Melanjutkan pernyataannya, Budyatna mengatakan, padahal Marwan marah-marah karena kesalahannya sendiri yang telat datang ke Bandara dan tambah marah-marah ketika ternyata pesawat berikutnya telat. Mestinya hal itu tidak dia lakukan karena sebagai menteri harus menunjukkan sikap membumi dan tidak sok kuasa seperti pejabat-pejabat jaman dulu.

“Slogan revolusi mental Jokowi, jelas telah dilanggar oleh pembantunyanya sendiri. Jokowi harusnya malu memiliki anak buah yang seperti ini,” tambah Budyatna.

Diingatkan bahwa Jokowi dipilih oleh masyarakat karena citranya yang merakyat, sehingga jika ada pembantunya yang bersikap seperti raja, tentunya hal ini tidak akan diterima oleh masyarakat.

“Lah bosnya (Jokowi) saja untuk jadi presiden harus masuk gorong-gorong biar disukai rakyat dan akhirnya menang dalam pilpres, masa anak buahnya justru bersikap seperti raja. Bosnya saja merakyat, tapi yang jadi pembantu malah merasa jadi raja,” katanya.

Karena itu menurut Budyatna sikap Marwan sama seperti nama kementerian yang dipimpinnya, yakni ndeso dan tertinggal. Sebagai seorang menteri, harusnya Marwan bisa mencerminkan dirinya seperti seorang negarawan.

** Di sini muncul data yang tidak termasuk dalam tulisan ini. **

definition brownian_motion :: "'a measure \<Rightarrow> (real \<Rightarrow> 'a \<Rightarrow> real) \<Rightarrow> bool" where
  "brownian_motion M W \<longleftrightarrow>
     prob_space M \<and>
     (\<forall>t\<in>{0..1}. W t \<in> borel_measurable M) \<and>
     (AE \<omega> in M. W 0 \<omega> = 0) \<and>
     (AE \<omega> in M. continuous_on {0..1} (\<lambda>t. W t \<omega>)) \<and>
     (\<forall>s t. 0 \<le> s \<and> s < t \<and> t \<le> 1 \<longrightarrow>
        distributed M lborel (\<lambda>\<omega>. W t \<omega> - W s \<omega>) (normal_density 0 (sqrt (t - s)))) \<and>
     (\<forall>(n::nat) (ts::nat \<Rightarrow> real). 0 \<le> ts 0 \<and> (\<forall>i<n. ts i < ts (Suc i)) \<and> ts n \<le> 1 \<longrightarrow>
        prob_space.indep_vars M (\<lambda>_. borel) (\<lambda>i \<omega>. W (ts (Suc i)) \<omega> - W (ts i) \<omega>) {..<n})"

end

theory Submission
  imports Defs
begin

text \<open>
  The coefficient \<open>\<eta>\<close> of a triple \<open>t1 < t2 < t3\<close> is a normalised contrast of the Brownian increments
  over \<open>[t1,t2]\<close> and \<open>[t2,t3]\<close>. Rotating two independent standard normals gives independent
  standard normals, so \<open>\<eta>\<close> is standard normal and independent of the increment over \<open>[t1,t3]\<close>;
  as the path at points outside \<open>(t1,t3)\<close> is a function of that increment and of increments
  over disjoint intervals, \<open>\<eta>\<close> is independent of it. In a finite family of triples, the
  triple of highest level with leftmost right end sees all points of the other triples
  outside its interval, and peeling it off repeatedly yields independence of the family.

  Multiplied by the Schauder function, \<open>\<eta>\<close> is exactly the change of the piecewise linear
  interpolant of the path caused by inserting the knot \<open>t2\<close>. Hence level \<open>m\<close> of the series
  sums to the difference of the interpolants on \<open>\<pi> (m+1)\<close> and \<open>\<pi> m\<close>, the series telescopes,
  and the interpolants converge to the continuous path because the mesh tends to \<open>0\<close>.
\<close>

section \<open>Independence criteria\<close>

lemma (in prob_space) indep_var_sym:
  assumes "indep_var Ma A Mb B"
  shows "indep_var Mb B Ma A"
proof -
  have "prob (a \<inter> b) = prob a * prob b" if "prob (b \<inter> a) = prob b * prob a" for a b
    using that by (simp add: Int_commute mult.commute)
  then show ?thesis using assms unfolding indep_var_eq indep_sets2_eq by blast
qed

lemma (in prob_space) indep_var_lborel_iff: "indep_var lborel X lborel Y \<longleftrightarrow> indep_var borel X borel Y"
  unfolding indep_var_def indep_vars_def2
  by (intro conj_cong indep_sets_cong refl ball_cong) (auto split: bool.split)
(* Let $P$ be an $(\epsilon_1,\epsilon_2)$-significant instance of $k$-means clustering with $z$ outliers and let $\eta,\delta,\xi\in(0,1)$. If one uniformly selects a set $S$ of $\max\{\frac{3k}{\delta^2\epsilon_1}\log\frac{2k}{\eta},\frac{k}{2\xi^2\epsilon_1(1-\delta)}\log\frac{2k}{\eta}\}$ points at random from $P$, then with probability at least $(1-\eta)^2$, for every $1\le j\le k$, $$\sum_{q\in S\cap C^*_j}\|q-o^*_j\|^2\le(1+\delta)\frac{|S|}{n}\Big(\sum_{p\in C^*_j}\|p-o^*_j\|^2+\xi|C^*_j|\mathcal{L}^2\Big).$$
   Context: $P\subset\mathbb{R}^D$, $|P|=n$, $0<z<n$. $P_{opt}\subset P$ with $|P_{opt}|=n-z$ is the set of inliers of an optimal solution of $k$-means clustering with $z$ outliers, and $C^*_1,\dots,C^*_k$ are the optimal clusters forming $P_{opt}$; $o^*_j$ is the mean of $C^*_j$; $\mathcal{L}=\max_l\max_{p,q\in C^*_l}\|p-q\|$. The instance is $(\epsilon_1,\epsilon_2)$-significant ($\epsilon_1,\epsilon_2>0$) if $\min_j|C^*_j|\ge\frac{\epsilon_1}{k}n$ and $z=\frac{\epsilon_2}{k}n$. Sampling uniformly at random means each sample point is drawn independently and uniformly from $P$; $S$ is a multiset and sums over $S\cap C^*_j$ count multiplicity. *)

theory Defs
  imports "HOL-Analysis.Analysis" "HOL-Probability.Probability"
begin
(* Let $k\ge 2$, $t\ge 0$, and consider a $t$-layer $k$-IGN whose activation functions belong to a collection $\Omega$. Then for every $j\in[d_t]$ there is an expression $\varphi_j\in\mathsf{TL}_k^{(tk)}(\Omega)$ with free variables among $x_1,\dots,x_k$ such that for every graph $G$ and every $\mathbf v\in V_G^k$, $[\![\varphi_j]\!]^{\mathbf v}_G=\mathbf F^{(t)}_{\mathbf v,j}$, where $\mathbf F^{(t)}$ is the tensor computed by the IGN on $G$.
   Context: Fix integers $n\ge 1$ and $\ell\ge 1$. A graph is a triple $G=(V_G,E_G,\mathrm{col}_G)$ with $V_G=[n]$, $E_G$ a set of unordered pairs of distinct vertices, and $\mathrm{col}_G:V_G\to\mathbb R^\ell$. Tensor language $\mathsf{TL}(\Omega)$: $\Omega$ is a collection of functions $f:\mathbb R^p\to\mathbb R$ ($p\ge1$ depending on $f$). Expressions: $\varphi::=\mathbf 1_{x=y}\mid \mathbf 1_{x\neq y}\mid E(x,y)\mid P_s(x)\mid \varphi\cdot\varphi\mid \varphi+\varphi\mid a\cdot\varphi\mid f(\varphi_1,\dots,\varphi_p)\mid \sum_x\varphi$ ($s\in[\ell]$, $a\in\mathbb R$, $f\in\Omega$), with the usual free variables ($\sum_x$ binds $x$). Semantics for a graph $G$ and valuation $\nu$ into $V_G$: $[\![E(x,y)]\!]^\nu_G=1$ if $\nu(x)\nu(y)\in E_G$ else $0$; $[\![P_s(x)]\!]^\nu_G=\mathrm{col}_G(\nu(x))_s$; $[\![\mathbf 1_{x\,\mathrm{op}\,y}]\!]^\nu_G=1$ if $\nu(x)\,\mathrm{op}\,\nu(y)$ else $0$; $\cdot,+,a\cdot,f$ act on values; $[\![\sum_x\varphi]\!]^\nu_G=\sum_{v\in V_G}[\![\varphi]\!]^{\nu[x\mapsto v]}_G$. $[\![\varphi]\!]^{\mathbf v}_G$ denotes the value under $x_i\mapsto v_i$. Summation depth: $0$ for atoms, max over components for $\cdot,+,f(\dots)$, unchanged by $a\cdot$, $+1$ for $\sum_x$. $\mathsf{TL}_k^{(t)}(\Omega)$: expressions using only variables $x_1,\dots,x_k$ (re-binding allowed) of summation depth at most $t$. $k$-IGN. For $\mathbf v\in V_G^k$, $\mathsf{atp}_k(G,\mathbf v)\in\mathbb R^{d_0}$, $d_0=2\binom k2+k\ell$, lists for $1\le i<j\le k$ the indicators of $v_i=v_j$ and of $v_iv_j\in E_G$, and $\mathrm{col}_G(v_i)$ for $i\in[k]$. For $m\ge1$, $\sim_m$ is the equivalence on $[n]^m$ with $\mathbf a\sim_m\mathbf b$ iff for all $i,j\in[m]$: $a_i=a_j\Leftrightarrow b_i=b_j$; $[n]^m/{\sim_m}$ its classes. A $t$-layer $k$-IGN is given by dimensions $d_0,d_1,\dots,d_t$, real constants $c^{(r)}_{\gamma,i,j}$ ($\gamma\in[n]^{2k}/{\sim_{2k}}$, $i\in[d_{r-1}]$, $j\in[d_r]$), $b^{(r)}_{\mu,j}$ ($\mu\in[n]^k/{\sim_k}$) and activations $\sigma_r:\mathbb R\to\mathbb R$ for $r\in[t]$. On a graph $G$ it computes $\mathbf F^{(0)}\in\mathbb R^{n^k\times d_0}$ with $\mathbf F^{(0)}_{\mathbf v,:}=\mathsf{atp}_k(G,\mathbf v)$, and for $r\in[t]$, $j\in[d_r]$, $\mathbf v\in[n]^k$: $$\mathbf F^{(r)}_{\mathbf v,j}=\sigma_r\Bigl(\sum_{\gamma\in[n]^{2k}/\sim_{2k}}\ \sum_{\mathbf w\in[n]^k}\mathbf 1_{(\mathbf v,\mathbf w)\in\gamma}\sum_{i\in[d_{r-1}]}c^{(r)}_{\gamma,i,j}\,\mathbf F^{(r-1)}_{\mathbf w,i}+\sum_{\mu\in[n]^k/\sim_k}\mathbf 1_{\mathbf v\in\mu}\,b^{(r)}_{\mu,j}\Bigr).$$ *)

theory Defs
  imports Complex_Main
begin
lemma admissible_comb_sublist:
  assumes "admissible_comb as fs js" "idx \<noteq> []" "distinct idx"
    and idx: "\<forall>k\<in>set idx. k < length fs \<and> weighted_functional (js!k) (F k)"
  shows "admissible_comb (map ((!) as) idx) (map F idx) (map ((!) js) idx)"
proof -
  have "(\<Sum>a\<leftarrow>map ((!) as) idx. a\<^sup>2) = (\<Sum>k\<in>set idx. (as!k)\<^sup>2)"
    using assms(3) by (simp add: sum_list_distinct_conv_sum_set o_def)
  also have "\<dots> \<le> (\<Sum>k<length fs. (as!k)\<^sup>2)"
    using idx by (intro sum_mono2) auto
  also have "\<dots> = (\<Sum>a\<leftarrow>as. a\<^sup>2)"
    using assms(1) by (simp add: admissible_comb_def sum_list_sum_nth atLeast0LessThan)
  finally have squares: "(\<Sum>a\<leftarrow>map ((!) as) idx. a\<^sup>2) \<le> 1"
    using assms(1) unfolding admissible_comb_def by linarith
  have "inj_on ((\<lambda>j. mm (2*j)) \<circ> (!) js) (set idx)"
  proof (rule inj_onI)
    fix k k' assume "k \<in> set idx" "k' \<in> set idx" "((\<lambda>j. mm (2*j)) \<circ> (!) js) k = ((\<lambda>j. mm (2*j)) \<circ> (!) js) k'"
    then show "k = k'"
      using assms(1) idx unfolding admissible_comb_def distinct_conv_nth by (metis comp_apply length_map nth_map)
  qed
  then have "distinct (map (\<lambda>j. mm (2*j)) (map ((!) js) idx))"
    using assms(3) by (simp add: distinct_map)
  then show ?thesis
    using assms squares unfolding admissible_comb_def by (auto simp: Suc_le_eq)
qed

lemma sum_nth_filter_upt:
  assumes "\<forall>k<n. \<not> P k \<longrightarrow> h k = 0"
  shows "(\<Sum>i<length (filter P [0..<n]). h (filter P [0..<n] ! i)) = (\<Sum>k<n. h k)"
proof -
  have "(\<Sum>i<length (filter P [0..<n]). h (filter P [0..<n] ! i)) = (\<Sum>k\<leftarrow>filter P [0..<n]. h k)"
    by (simp add: sum_list_sum_nth atLeast0LessThan)
  also have "\<dots> = (\<Sum>k\<in>set (filter P [0..<n]). h k)"
    by (rule sum_list_distinct_conv_sum_set) simp
  also have "\<dots> = (\<Sum>k<n. h k)"
    by (rule sum.mono_neutral_left) (use assms in auto)
  finally show ?thesis .
qed

lemma sum_list_interval_restr:
  "(\<Sum>g\<leftarrow>gs. interval_restr a b g l) = (if l \<in> {a..b} then (\<Sum>g\<leftarrow>gs. g l) else 0)"
  by (induction gs) (auto simp: interval_restr_def)

lemma interval_restr_wavg:
  "interval_restr a b (wavg j gs) = wavg j (filter (\<lambda>g. g \<noteq> (\<lambda>_. 0)) (map (interval_restr a b) gs))"
proof -
  have "(\<Sum>g\<leftarrow>filter (\<lambda>g. g \<noteq> (\<lambda>_. 0)) hs. g l) = (\<Sum>g\<leftarrow>hs. g l)" for hs :: "(nat \<Rightarrow> real) list" and l
    by (induction hs) auto
  then show ?thesis
    by (simp add: fun_eq_iff wavg_def o_def sum_list_interval_restr) (simp add: interval_restr_def)
qed

lemma block_list_interval_restr:
  assumes "block_list gs"
  shows "block_list (filter (\<lambda>g. g \<noteq> (\<lambda>_. 0)) (map (interval_restr a b) gs))"
proof -
  let ?R = "\<lambda>g h. g \<noteq> (\<lambda>_. 0) \<longrightarrow> h \<noteq> (\<lambda>_. 0) \<longrightarrow> blk g h"
  have "l \<in> supp g" if "l \<in> supp (interval_restr a b g)" for g l
    using that unfolding supp_def interval_restr_def by (auto split: if_splits)
  then have "sorted_wrt ?R (map (interval_restr a b) gs)"
    using assms unfolding block_list_def
    by (intro sorted_wrt_map_mono[of blk]) (auto simp: blk_def)
  then have "sorted_wrt ?R (filter (\<lambda>g. g \<noteq> (\<lambda>_. 0)) (map (interval_restr a b) gs))"
    by (rule sorted_wrt_filter)
  then show ?thesis
    unfolding block_list_def by (auto elim: sorted_wrt_mono_rel[rotated])
qed

lemma weighted_functional_interval_restr:
  assumes "1 \<le> j" "length gs \<le> nn (2*j)" "block_list gs"
    and "\<forall>g\<in>set gs. interval_restr a b g = (\<lambda>_. 0) \<or> interval_restr a b g \<in> G0"
    and "interval_restr a b (wavg j gs) \<noteq> (\<lambda>_. 0)"
  shows "weighted_functional j (interval_restr a b (wavg j gs))"
  unfolding weighted_functional_def
proof (intro conjI exI)
  let ?gs = "filter (\<lambda>g. g \<noteq> (\<lambda>_. 0)) (map (interval_restr a b) gs)"
  show restr_eq: "interval_restr a b (wavg j gs) = wavg j ?gs" by (rule interval_restr_wavg)
  have "wavg j ?gs \<noteq> (\<lambda>_. 0)" using assms(5) restr_eq by simp
  then show "1 \<le> length ?gs" by (cases ?gs) (auto simp: wavg_def)
  show "length ?gs \<le> nn (2*j)"
    by (metis assms(2) length_filter_le length_map order_trans)
qed (use assms block_list_interval_restr in auto)
(* Let $\Psi\in\mathcal P_p$, $m\ge p$, $q\in\{1,2,\ldots\}$, $N=n+p+qm+1$, $\beta=(q/N)^{1/q}$, $\gamma=n/N$, and let $\hat\Sigma$ be the power inverse Wishart MAP estimator with prior parameters $(\Psi,m,q)$. Then, in the Loewner order on symmetric matrices, $$\beta\Psi\le\hat\Sigma\le\beta\Psi+\gamma S.$$ In particular $\beta\Psi_{ii}\le\hat\Sigma_{ii}\le\beta\Psi_{ii}+\gamma S_{ii}$ for every $i$.
   Context: $\mathcal P_p$ is the set of positive definite $p\times p$ real matrices; $A\le B$ means $B-A$ is positive semidefinite. Data $X_1,\ldots,X_n\in\mathbb R^p$, $\bar X=\frac1n\sum_iX_i$, $S=\frac1n\sum_i(X_i-\bar X)(X_i-\bar X)^\top$. The MAP estimator $\hat\Sigma$ is the $\Sigma$-component of the unique maximizer over $\mu\in\mathbb R^p$, $\Sigma\in\mathcal P_p$ of $|\Sigma|^{-n/2}\exp(-\tfrac12\sum_i(X_i-\mu)^\top\Sigma^{-1}(X_i-\mu))\cdot\exp(-\tfrac12\operatorname{tr}((\Psi^{-1/2}\Sigma\Psi^{-1/2})^{-q}))|\Sigma|^{-(qm+p+1)/2}$, with $\Psi^{1/2}$ the positive definite square root and $\Psi^{-1/2}=(\Psi^{1/2})^{-1}$. *)

theory Defs
  imports "HOL-Analysis.Analysis"
begin

definition sym_mat :: "real^'p^'p \<Rightarrow> bool" where
  "sym_mat A \<longleftrightarrow> transpose A = A"

definition pos_def :: "real^'p^'p \<Rightarrow> bool" where
  "pos_def A \<longleftrightarrow> sym_mat A \<and> (\<forall>x. x \<noteq> 0 \<longrightarrow> x \<bullet> (A *v x) > 0)"

definition pos_semidef :: "real^'p^'p \<Rightarrow> bool" where
  "pos_semidef A \<longleftrightarrow> sym_mat A \<and> (\<forall>x. x \<bullet> (A *v x) \<ge> 0)"

definition loewner_le :: "real^'p^'p \<Rightarrow> real^'p^'p \<Rightarrow> bool" where
  "loewner_le A B \<longleftrightarrow> pos_semidef (B - A)"

fun mat_pow :: "real^'p^'p \<Rightarrow> nat \<Rightarrow> real^'p^'p" where
  "mat_pow A 0 = mat 1"
| "mat_pow A (Suc k) = A ** mat_pow A k"

definition pd_sqrt :: "real^'p^'p \<Rightarrow> real^'p^'p" where
  "pd_sqrt A = (THE R. pos_def R \<and> R ** R = A)"

definition outer :: "real^'p \<Rightarrow> real^'p \<Rightarrow> real^'p^'p" where
  "outer x y = (\<chi> i j. x $ i * y $ j)"

definition sample_mean :: "nat \<Rightarrow> (nat \<Rightarrow> real^'p) \<Rightarrow> real^'p" where
  "sample_mean n X = (1 / real n) *\<^sub>R (\<Sum>i=1..n. X i)"
lemma minimizer_wardrop:
  assumes f: "f \<in> potential_minimizers \<mu>"
  shows "wardrop_equilibrium c H S \<mu> f"
  unfolding wardrop_equilibrium_def
proof (intro conjI ballI)
  show "feasible_flow H S \<mu> f"
    using f unfolding potential_minimizers_def flows_def by auto
  fix k assume k: "k \<in> H"
  define costs where "costs = strategy_cost c H S f ` S k"
  have "finite costs" "costs \<noteq> {}"
    unfolding costs_def using finite_strategies[OF k] strategies_nonempty[OF k] by auto
  show "\<exists>lam. \<forall>s\<in>S k. (0 < f k s \<longrightarrow> strategy_cost c H S f s = lam) \<and>
          (f k s = 0 \<longrightarrow> lam \<le> strategy_cost c H S f s)"
  proof (intro exI[of _ "Min costs"] ballI conjI impI)
    fix s assume s: "s \<in> S k"
    show min_le: "Min costs \<le> strategy_cost c H S f s"
      using \<open>finite costs\<close> s unfolding costs_def by simp
    assume "0 < f k s"
    obtain s' where s': "s' \<in> S k" "Min costs = strategy_cost c H S f s'"
      using Min_in[OF \<open>finite costs\<close> \<open>costs \<noteq> {}\<close>] unfolding costs_def by auto
    obtain r r' where "s = {r}" "s' = {r'}"
      using strategy_singleton[OF k s] strategy_singleton[OF k s'(1)] by auto
    then have "strategy_cost c H S f s \<le> Min costs"
      using minimizer_cost_le[OF f k, of r r'] s s' \<open>0 < f k s\<close>
      by (simp add: strategy_cost_def)
    then show "strategy_cost c H S f s = Min costs" using min_le by simp
  qed
qed

lemma transfer_potential_minimizer:
  assumes f: "f \<in> potential_minimizers \<mu>" and d: "unit_transfer a b d"
    and g: "(\<lambda>k s. f k s + t * d k s) \<in> flows \<mu>"
    and "a \<in> R" "b \<in> R" "a \<noteq> b" "0 \<le> t" "t \<le> load H S f a"
    and cheaper: "c b (load H S f b + t) \<le> c a (load H S f a - t)"
  shows "(\<lambda>k s. f k s + t * d k s) \<in> potential_minimizers \<mu>"
proof -
  have fF: "f \<in> flows \<mu>" using f unfolding potential_minimizers_def by auto
  have "potential (\<lambda>k s. f k s + t * d k s)
      \<le> potential f + t * (c b (load H S f b + t) - c a (load H S f a - t))"
    by (rule potential_transfer_le[OF fF d]) (use assms in auto)
  also have "\<dots> \<le> potential f"
    using cheaper \<open>0 \<le> t\<close> by (simp add: mult_nonneg_nonpos)
  finally show ?thesis using f g unfolding potential_minimizers_def by force
qed
(* Let $\mathbb{K}\in\{\mathbb{R},\mathbb{C}\}$, $U:=\mathbb{K}^n$, $\mathbf{u}^1,\dots,\mathbf{u}^m\in U$, $\mathbf{U}_m:=[\mathbf{u}^1,\dots,\mathbf{u}^m]$, $U_m:=\mathrm{range}(\mathbf{U}_m)$, and $\mathbf{\Theta}\in\mathbb{K}^{k\times n}$ with $\mathbf{U}_m^{\mathbf{\Theta}}:=\mathbf{\Theta}\mathbf{U}_m$. Let $\mathbf{G}:=(\mathbf{U}_m^{\mathbf{\Theta}})^{\mathrm{H}}\mathbf{U}_m^{\mathbf{\Theta}}$, $l:=\mathrm{rank}(\mathbf{U}_m^{\mathbf{\Theta}})$, and let $(\lambda_i,\mathbf{t}_i)_{i=1}^{l}$ be eigenpairs of $\mathbf{G}$ associated with its nonzero eigenvalues, with orthonormal eigenvectors and $\lambda_1\ge\dots\ge\lambda_l$. For $r\le l$ set $\mathbf{T}_r:=[\mathbf{t}_1,\dots,\mathbf{t}_r]$ and $U_r:=\mathrm{range}(\mathbf{U}_m\mathbf{T}_r)$. For a subspace $V\subseteq U_m$ let $\mathbf{P}_V^{\mathbf{\Theta}}\mathbf{x}\in\arg\min_{\mathbf{w}\in V}\|\mathbf{\Theta}(\mathbf{x}-\mathbf{w})\|$ for $\mathbf{x}\in U_m$, and define $$\Delta^{\mathrm{POD}}(V):=\frac1m\sum_{i=1}^m\|\mathbf{\Theta}(\mathbf{u}^i-\mathbf{P}_V^{\mathbf{\Theta}}\mathbf{u}^i)\|^2.$$ Then $\Delta^{\mathrm{POD}}(U_r)=\frac1m\sum_{i=r+1}^{l}\lambda_i$, and for every subspace $V_r\subseteq U_m$ with $\dim(V_r)\le r$, $\Delta^{\mathrm{POD}}(U_r)\le\Delta^{\mathrm{POD}}(V_r)$.
   Context: $\|\cdot\|$ is the Euclidean norm on $\mathbb{K}^k$; $\mathbf{M}^{\mathrm{H}}$ is the (conjugate) transpose; $\mathrm{range}$ is column space. The value $\|\mathbf{\Theta}(\mathbf{x}-\mathbf{P}_V^{\mathbf{\Theta}}\mathbf{x})\|$ does not depend on the choice of minimizer. *)

theory Defs
  imports "Jordan_Normal_Form.Schur_Decomposition" "Jordan_Normal_Form.DL_Rank"
begin
lemma admissible_edge_combination_powr_le:
  assumes p: "0 < p" and N: "admissible p M d z N"
    and es: "\<forall>(c, a, b)\<in>set es. a \<in> M \<and> b \<in> M"
  shows "N (edge_combination z es) powr p \<le> (\<Sum>(c, a, b)\<leftarrow>es. \<bar>c\<bar> powr p * d a b powr p)"
  using es
proof (induction es)
  case Nil
  have "(\<lambda>_. 0) \<in> molecules M z"
    by (simp add: molecules_def)
  then have "N (\<lambda>_. 0) = 0"
    using admissible_scale[OF N, of "\<lambda>_. 0" 0] by simp
  then show ?case by (simp add: edge_combination_def)
next
  case (Cons e es)
  obtain c a b where e: "e = (c, a, b)" by (cases e)
  with Cons.prems have ab: "a \<in> M" "b \<in> M" by auto
  define f where "f = (\<lambda>v. dirac z a v - dirac z b v)"
  have f: "f \<in> molecules M z" "(\<lambda>v. c * f v) \<in> molecules M z"
    using scaled_dirac_diff_in_molecules[OF ab, of 1 z] scaled_dirac_diff_in_molecules[OF ab, of c z]
    by (simp_all add: f_def)
  have rest: "edge_combination z es \<in> molecules M z"
    using Cons.prems by (intro edge_combination_in_molecules) auto
  have Nf: "0 \<le> N f" "N f \<le> d a b" "N (\<lambda>v. c * f v) = \<bar>c\<bar> * N f"
    using admissible_nonneg[OF N f(1)] admissible_dirac_diff_le[OF N ab] admissible_scale[OF N f(1)]
    by (simp_all add: f_def)
  have "edge_combination z (e # es) = (\<lambda>v. c * f v + edge_combination z es v)"
    by (simp add: e f_def edge_combination_def fun_eq_iff)
  then have "N (edge_combination z (e # es)) powr p
      \<le> N (\<lambda>v. c * f v) powr p + N (edge_combination z es) powr p"
    using admissible_add_powr_le[OF N f(2) rest] by simp
  also have "N (\<lambda>v. c * f v) powr p \<le> (\<bar>c\<bar> * d a b) powr p"
    unfolding Nf(3) using Nf(1,2) p by (intro powr_mono2 mult_left_mono) auto
  also have "\<dots> = \<bar>c\<bar> powr p * d a b powr p"
    using Nf by (simp add: powr_mult)
  finally show ?case
    using Cons by (simp add: e)
qed

lemma admissible_edge_combination_le:
  assumes p: "0 < p" and N: "admissible p M d z N"
    and es: "\<forall>(c, a, b)\<in>set es. a \<in> M \<and> b \<in> M"
  shows "N (edge_combination z es) \<le> (\<Sum>(c, a, b)\<leftarrow>es. \<bar>c\<bar> powr p * d a b powr p) powr (1 / p)"
  using admissible_nonneg[OF N edge_combination_in_molecules[OF es]]
  by (intro powr_le_imp_le_powr_inverse p admissible_edge_combination_powr_le[OF p N es])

“Kalau sikapnya seperti ini yah persis sama dengan nama lembaga yang dipimpinnya. Marwan jelas ndeso dan tertinggal,” sindirnya lagi.

Marwan, kata Budyatna seharusnya tahu bahwa dimanapun di dunia ini, yang namanya pesawat komersil kalau kita telat maka pasti akan ditinggal, karena pesawat komersil punya jadwal yang ketat dan kalau ada kendala pasti ada penundaan dan penumpang harus menunggu.

“Ini menterinya seperti tidak pernah naik pesawat. Yah memang begitu di dunia perbangan, kita telat kita ditinggal, pesawat telat kita disuruh menunggu,” tegasnya

Ada Apa Marwan Bandingkan Garuda dengan Lion Air?

Dia pun menilai janggal seorang menteri bisa lebih membanggakan perusahaan penerbangan milik swasta daripada yang dimiliki negara. Sebagai anggota kabinet, tidak semestinya Marwan menjelek-jelekan perusahaan milik negara seperti Garuda, dan membanggakan perusahaan penerbangan swasta.

“Ini kok yah menjelek-jelekan Garuda Indonesia yang milik negara dan lebih membanggakan Lion Air yang miliki pengusaha swasta. Terlebih jelas Garuda Indonesia masih lebih unggul daripada Lion Air sendiri,” ujar Guru Besar FISIP UI ini lagi.

Budyatna mencium kalau motif pernyataan Marwan ini jelas sangat kental aroma politis dan ekonomis. Dia pun mensinyalir ada motif tersembunyi dibalik pernyataan Marwan karena bagaimanapun selama ini masyarakat mengetahui pemilik Lion Air, Rusdy Kirana adalah mantan wakil ketua umum PKB.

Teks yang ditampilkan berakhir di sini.